Уверенность в себе как в будущем писателе была свойственна
большинству из нас; когда, например, мне было лет девять, я разграфил школьную
тетрадку на две колонки, подобно однотомному собранию сочинений Пушкина, и с
места в карьер стал писать полное собрание своих сочинений, придумывая их тут
же все подряд: элегии, стансы, эпиграммы, повести, рассказы и романы. У меня
никогда не было ни малейшего сомнения в том, что я родился писателем.
Хотя синеглазый был по образованию медик, но однажды он
признался мне, что всегда мыслил себя писателем вроде Гоголя. Одна из его
сатирических книг по аналогии с гофманиадой так и называлась «Дьяволиада», что
в прошлом веке, вероятно, было бы названо более по-русски «Чертовщина»: история
о двух братьях Кальсонерах в дебрях громадного учреждения с непомерно раздутыми
штатами читалась как некая «гофманиада», обильно посыпанная гоголевским перцем.
Синеглазый вообще был склонен к общению со злыми духами,
порождениями ада.
Ненависть наша к нэпу была так велика, что однажды мы с
синеглазым решили издавать юмористический журнал вроде «Сатирикона». Когда мы
выбирали для него название, синеглазый вдруг как бы сделал стойку, понюхал
воздух, в его глазах вспыхнули синие огоньки горящей серы, и он торжественно,
но вместе с тем и восхищаясь собственной находкой, с ядовитой улыбкой на лице
сказал:
– Наш журнал будет называться «Ревизор»!
Издатель нашелся сразу: один из тех мелких капиталистов,
которые вдруг откуда-то появились в большом количестве и шныряли по Москве,
желая как можно выгоднее поместить неизвестно откуда взявшиеся капиталы. Можно
ли было найти что-нибудь более выгодное, чем сатирический журнал с
оппозиционным оттенком под редакцией синеглазого, автора нашумевшей
«Дьяволиады»?
(Впрочем, не ручаюсь, возможно это было еще до появления
«Дьяволиады».)
Вообще в этом сочинении я не ручаюсь за детали. Умоляю
читателей не воспринимать мою работу как мемуары. Терпеть не могу мемуаров.
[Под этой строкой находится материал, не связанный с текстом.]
(* The function $$u(z)=3\frac{(1-|z|^2)^4}{|1-z|^2}+3\frac{(1-|z|^2)^5}{|1-z|^4}-\frac{3}{2}\frac{(1-|z|^2)^4}{|1-z|^4}+\frac{(1-|z|^2)^6}{|1-z|^6},\quad z\in\mathbb{D},$$ is $w_2$-biharmonic in $\mathbb{D}$, i.e. $\Delta\big((1-|z|^2)^{-2}\Delta u\big)=0$ in $\mathbb{D}$.
   Context: $\mathbb{D}$ is the open unit disc and $\Delta=\partial^2/\partial z\partial\bar z$. The weight is $w_2(z)=(1-|z|^2)^2$, and $u$ is called $w_2$-biharmonic if $\Delta w_2^{-1}\Delta u=0$ in $\mathbb{D}$. *)

theory Defs
  imports "HOL-Analysis.Analysis"
begin

text \<open>Partial derivatives in x and y of a real-valued function on the complex plane
(z = x + i y), and the operator Delta = d^2/(dz d zbar) = (1/4)(d_xx + d_yy).\<close>

definition pdx :: "(complex \<Rightarrow> real) \<Rightarrow> complex \<Rightarrow> real" where
  "pdx f z = deriv (\<lambda>t::real. f (z + of_real t)) 0"

definition pdy :: "(complex \<Rightarrow> real) \<Rightarrow> complex \<Rightarrow> real" where
  "pdy f z = deriv (\<lambda>t::real. f (z + \<i> * of_real t)) 0"

definition has_pdx :: "(complex \<Rightarrow> real) \<Rightarrow> complex \<Rightarrow> bool" where
  "has_pdx f z \<longleftrightarrow> (\<lambda>t::real. f (z + of_real t)) differentiable (at 0)"

definition has_pdy :: "(complex \<Rightarrow> real) \<Rightarrow> complex \<Rightarrow> bool" where
  "has_pdy f z \<longleftrightarrow> (\<lambda>t::real. f (z + \<i> * of_real t)) differentiable (at 0)"

definition Lap :: "(complex \<Rightarrow> real) \<Rightarrow> complex \<Rightarrow> real" where
  "Lap f z = (pdx (pdx f) z + pdy (pdy f) z) / 4"

definition Lap_exists :: "(complex \<Rightarrow> real) \<Rightarrow> complex \<Rightarrow> bool" where
  "Lap_exists f z \<longleftrightarrow> 
     (\<forall>\<^sub>F w in at z. has_pdx f w \<and> has_pdy f w) \<and> has_pdx f z \<and> has_pdy f z \<and>
     has_pdx (pdx f) z \<and> has_pdy (pdy f) z"

definition w2 :: "complex \<Rightarrow> real" where
  "w2 z = (1 - (cmod z)^2)^2"

definition w2_biharmonic :: "(complex \<Rightarrow> real) \<Rightarrow> bool" where
  "w2_biharmonic u \<longleftrightarrow>
     (\<forall>z\<in>ball 0 1. Lap_exists u z \<and> Lap_exists (\<lambda>w. Lap u w / w2 w) z \<and>
        Lap (\<lambda>w. Lap u w / w2 w) z = 0)"

end

theory Submission
  imports Defs
begin

text \<open>
  Write s = 1 - |z|^2 and d = |1 - z|^2. Since |s_z|^2 = 1 - s, 2 Re (s_z d_zbar) = s - d,
  |d_z|^2 = d, Delta s = -1 and Delta d = 1, the chain rule turns Delta into the operator
  F |-> (1 - s) F_ss + (s - d) F_sd + d F_dd - F_s + F_d on functions F(s, d). It maps
  s^a d^-b to a(a-1) s^(a-2) d^-b - a(a-b) s^(a-1) d^-b + b(b-a) s^a d^-(b+1). Both u and
  Delta u / w2 = s^-2 Delta u are finite sums of such monomials, and in Delta (Delta u / w2) all
  terms cancel.
\<close>

lemma eventually_nhds_line:
  fixes w c :: complex
  assumes "open A" "w \<in> A"
  shows "\<forall>\<^sub>F t in nhds (0::real). w + c * of_real t \<in> A"
proof -
  have "((\<lambda>t::real. w + c * of_real t) \<longlongrightarrow> w) (nhds 0)"
    by (auto intro!: tendsto_eq_intros simp: filterlim_ident)
  from topological_tendstoD[OF this assms] show ?thesis .
qed

lemma pdx_coordI:
  assumes "open A" "w \<in> A" "\<And>v. v \<in> A \<Longrightarrow> f v = G (Re v) (Im v)"
    and "((\<lambda>x. G x (Im w)) has_real_derivative Gx) (at (Re w))"
  shows "has_pdx f w \<and> pdx f w = Gx"
proof -
  have ev: "\<forall>\<^sub>F t in nhds 0. f (w + of_real t) = G (Re w + t) (Im w)"
    using eventually_nhds_line[OF assms(1,2), of 1] by eventually_elim (simp add: assms(3))
  have "((\<lambda>t. G (Re w + t) (Im w)) has_real_derivative Gx) (at 0)"
    using DERIV_shift[of "\<lambda>x. G x (Im w)" Gx 0 "Re w"] assms(4) by (simp add: add.commute)
  then have "((\<lambda>t. f (w + of_real t)) has_real_derivative Gx) (at 0)"
    using DERIV_cong_ev[OF refl ev refl] by simp
  then show ?thesis
    unfolding has_pdx_def pdx_def using DERIV_imp_deriv real_differentiable_def by blast
qed
lemma sum_inverse_one_plus_cc_minorant_plus_le:
  fixes n L H :: nat and c r \<kappa> :: real
  assumes cn: "4 < c * real n" and "L \<le> H" and "real n - 2 * real H = 1"
    and "r > 0" "r^2 \<le> c" "31416/10000 \<le> 8 * r * \<kappa>"
  shows "(\<Sum>j\<in>{L..H}. 1 / (one_plus_cc_minorant n j + c / real n))
           \<le> real n / (2 * c) + 2 / (3 * c^2) + \<kappa> * real n * sqrt (real n)"
proof -
  define N where "N = real n"
  have "r^2 > 0" using \<open>r > 0\<close> by simp
  then have c0: "c > 0" using \<open>r^2 \<le> c\<close> by linarith
  then have N0: "N > 0" using cn unfolding N_def by (cases "n = 0") auto
  have "1 / (one_plus_cc_minorant n j + c / N) = N^2 * (1 / (4 * (N - 2 * real j)^2 + c * N))"
    for j
  proof -
    have "4 * (N - 2 * real j)^2 + c * N > 0" using N0 c0 by (simp add: add_nonneg_pos)
    moreover have "one_plus_cc_minorant n j + c / N = (4 * (N - 2 * real j)^2 + c * N) / N^2"
      using N0 unfolding one_plus_cc_minorant_def N_def by (simp add: field_simps power2_eq_square)
    ultimately show ?thesis by simp
  qed
  then have "(\<Sum>j\<in>{L..H}. 1 / (one_plus_cc_minorant n j + c / N))
      = N^2 * (\<Sum>j\<in>{L..H}. 1 / (4 * (N - 2 * real j)^2 + c * N))"
    by (simp add: sum_distrib_left)
  also have "\<dots> \<le> N^2 * (1 / (2 * (c * N)) + 2 / (3 * (c * N)^2) + pi / (8 * sqrt (c * N)))"
    using assms unfolding N_def by (intro mult_left_mono sum_inverse_odd_squares_le) auto
  also have "\<dots> \<le> N^2 * (1 / (2 * (c * N)) + 2 / (3 * (c * N)^2) + \<kappa> / sqrt N)"
    using assms N0 by (intro mult_left_mono add_left_mono pi_div_sqrt_le) auto
  also have "\<dots> = N / (2 * c) + 2 / (3 * c^2) + \<kappa> * N * sqrt N"
  proof -
    have "N^2 * (1 / (2 * (c * N))) = N / (2 * c)"
      using N0 by (simp add: power2_eq_square)
    moreover have "N^2 * (2 / (3 * (c * N)^2)) = 2 / (3 * c^2)"
      using N0 by (simp add: power_mult_distrib)
    moreover have "N^2 * (\<kappa> / sqrt N) = \<kappa> * N * (N / sqrt N)"
      by (simp add: power2_eq_square)
    ultimately show ?thesis
      using N0 by (simp add: distrib_left real_div_sqrt)
  qed
  finally show ?thesis unfolding N_def .
qed

lemma quartic_estimate_one_mod_four:
  fixes N :: real
  assumes "21 \<le> N"
  shows "(1 + sqrt N/4) * (N/6 + 2/27 + 2268/10000 * N * sqrt N)
           + (N - 1)/4 * (N/4 * (ln N/2 - 1 + 1/sqrt N)) \<le> N^2 * ln N / 16"
proof -
  define s where "s = sqrt N"
  define l where "l = ln N"
  have N: "s^2 = N" using assms unfolding s_def by simp
  have "45825/10000 \<le> sqrt (21::real)" by (rule real_le_rsqrt) (simp add: power2_eq_square)
  then have s: "45825/10000 \<le> s" unfolding s_def using assms by (meson order_trans real_sqrt_le_iff)
  have "4 * ln 2 + (1 - 2^4 / N) \<le> l" using ln_ge_by_power_of_2[of N 4] assms unfolding l_def by simp
  moreover have "1 - 2^4 / N \<ge> 0" using assms by (simp add: field_simps)
  ultimately have l: "2772/1000 \<le> l" using ln2_ge_6931 by simp
  have s0: "s > 0" using s by simp
  have "(1 + s/4) * (N/6 + 2/27 + 2268/10000 * N * s)
      = s^2/6 + 2/27 + 2268/10000 * s^3 + s^3/24 + s/54 + 567/10000 * s^4"
    unfolding N[symmetric] by (simp add: field_simps power_eq_if)
  moreover have "(N - 1)/4 * (N/4 * (l/2 - 1 + 1/s))
      = l * s^4/32 - l * s^2/32 - s^4/16 + s^2/16 + s^3/16 - s/16"
    unfolding N[symmetric] using s0 by (simp add: field_simps power_eq_if)
  moreover have "N^2 * l / 16 = l * s^4 / 16" unfolding N[symmetric] by simp
  moreover have "2772/1000 * s^4 \<le> l * s^4" "2772/1000 * s^2 \<le> l * s^2"
    using mult_right_mono[OF l, of "s^4"] mult_right_mono[OF l, of "s^2"] by simp_all
  moreover have "s^4 \<ge> 45825/10000 * s^3" "s^3 \<ge> 45825/10000 * s^2" "s^2 \<ge> 45825/10000 * s"
    using mult_right_mono[OF s] s0 by (simp_all add: power_eq_if)
  ultimately show ?thesis unfolding s_def[symmetric] l_def[symmetric] using s by linarith
qed

lemma quartic_estimate_three_mod_four:
  fixes N :: real
  assumes "31 \<le> N"
  shows "(N/3 + 8/27 + 3208/10000 * N * sqrt N)
           + (1 + sqrt N/4) * (N/10 + 2/75 + 1757/10000 * N * sqrt N)
           + (N + 1)/4 * (N/4 * (ln N/2 - 1 + 1/sqrt N)) \<le> N^2 * ln N / 16"
proof -
  define s where "s = sqrt N"
  define l where "l = ln N"
  have N: "s^2 = N" using assms unfolding s_def by simp
  have "55677/10000 \<le> sqrt (31::real)" by (rule real_le_rsqrt) (simp add: power2_eq_square)
  then have s: "55677/10000 \<le> s" unfolding s_def using assms by (meson order_trans real_sqrt_le_iff)
  have "5 * ln 2 + (1 - 2^5 / N) \<le> l" using ln_ge_by_power_of_2[of N 5] assms unfolding l_def by simp
  moreover have "1 - 2^5 / N \<ge> 1 - 32/31" using assms by (simp add: field_simps)
  ultimately have l: "34327/10000 \<le> l" using ln2_ge_6931 by simp
  have s0: "s > 0" using s by simp
  have "(1 + s/4) * (N/10 + 2/75 + 1757/10000 * N * s)
      = s^2/10 + 2/75 + 1757/10000 * s^3 + s^3/40 + s/150 + 1757/40000 * s^4"
    unfolding N[symmetric] by (simp add: field_simps power_eq_if)
  moreover have "(N + 1)/4 * (N/4 * (l/2 - 1 + 1/s))
      = l * s^4/32 + l * s^2/32 - s^4/16 - s^2/16 + s^3/16 + s/16"
    unfolding N[symmetric] using s0 by (simp add: field_simps power_eq_if)
  moreover have "N/3 + 8/27 + 3208/10000 * N * s = s^2/3 + 8/27 + 3208/10000 * s^3"
    unfolding N[symmetric] by (simp add: power_eq_if)
  moreover have "N^2 * l / 16 = l * s^4 / 16" unfolding N[symmetric] by simp
  moreover have "s^2 \<ge> 1" using s by (simp add: one_le_power)
  then have "s^2 * 1 \<le> s^2 * s^2" by (intro mult_left_mono) auto
  then have "34327/10000 * (s^4 - s^2) \<le> l * (s^4 - s^2)"
    using l by (intro mult_right_mono) (auto simp: power_eq_if)
  then have "34327/10000 * s^4 - 34327/10000 * s^2 \<le> l * s^4 - l * s^2"
    by (simp add: right_diff_distrib)
  moreover have "s^4 \<ge> 55677/10000 * s^3" "s^3 \<ge> 55677/10000 * s^2" "s^2 \<ge> 55677/10000 * s"
    using mult_right_mono[OF s] s0 by (simp_all add: power_eq_if)
  ultimately show ?thesis unfolding s_def[symmetric] l_def[symmetric] using s by linarith
qed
Повторяю. Это свободный полет моей фантазии, основанный на истинных
происшествиях, быть может, и не совсем точно сохранившихся в моей памяти. В
силу этого я избегаю подлинных имен, избегаю даже выдуманных фамилий. Стихи,
приведенные мною, я цитирую исключительно по памяти, считая, что это гораздо
жизненнее, чем проверять их точность по книгам, хотя бы эти цитаты были
неточны. Магический кристалл памяти более подходит для того жанра, который я
выбрал, даже – могу сказать – изобрел.
Не роман, не рассказ, не повесть, не поэма, не воспоминания,
не мемуары, не лирический дневник…
Но что же? Не знаю!
Недаром же сказано, что мысль изреченная есть ложь. Да, это
ложь. Но ложь еще более правдивая, чем сама правда. Правда, рожденная в
таинственных извилинах механизма моего воображения. А что такое воображение с
научной точки зрения, еще никто не знает. Во всяком случае, ручаюсь, что все
здесь написанное чистейшая правда и в то же время чистейшая фантазия.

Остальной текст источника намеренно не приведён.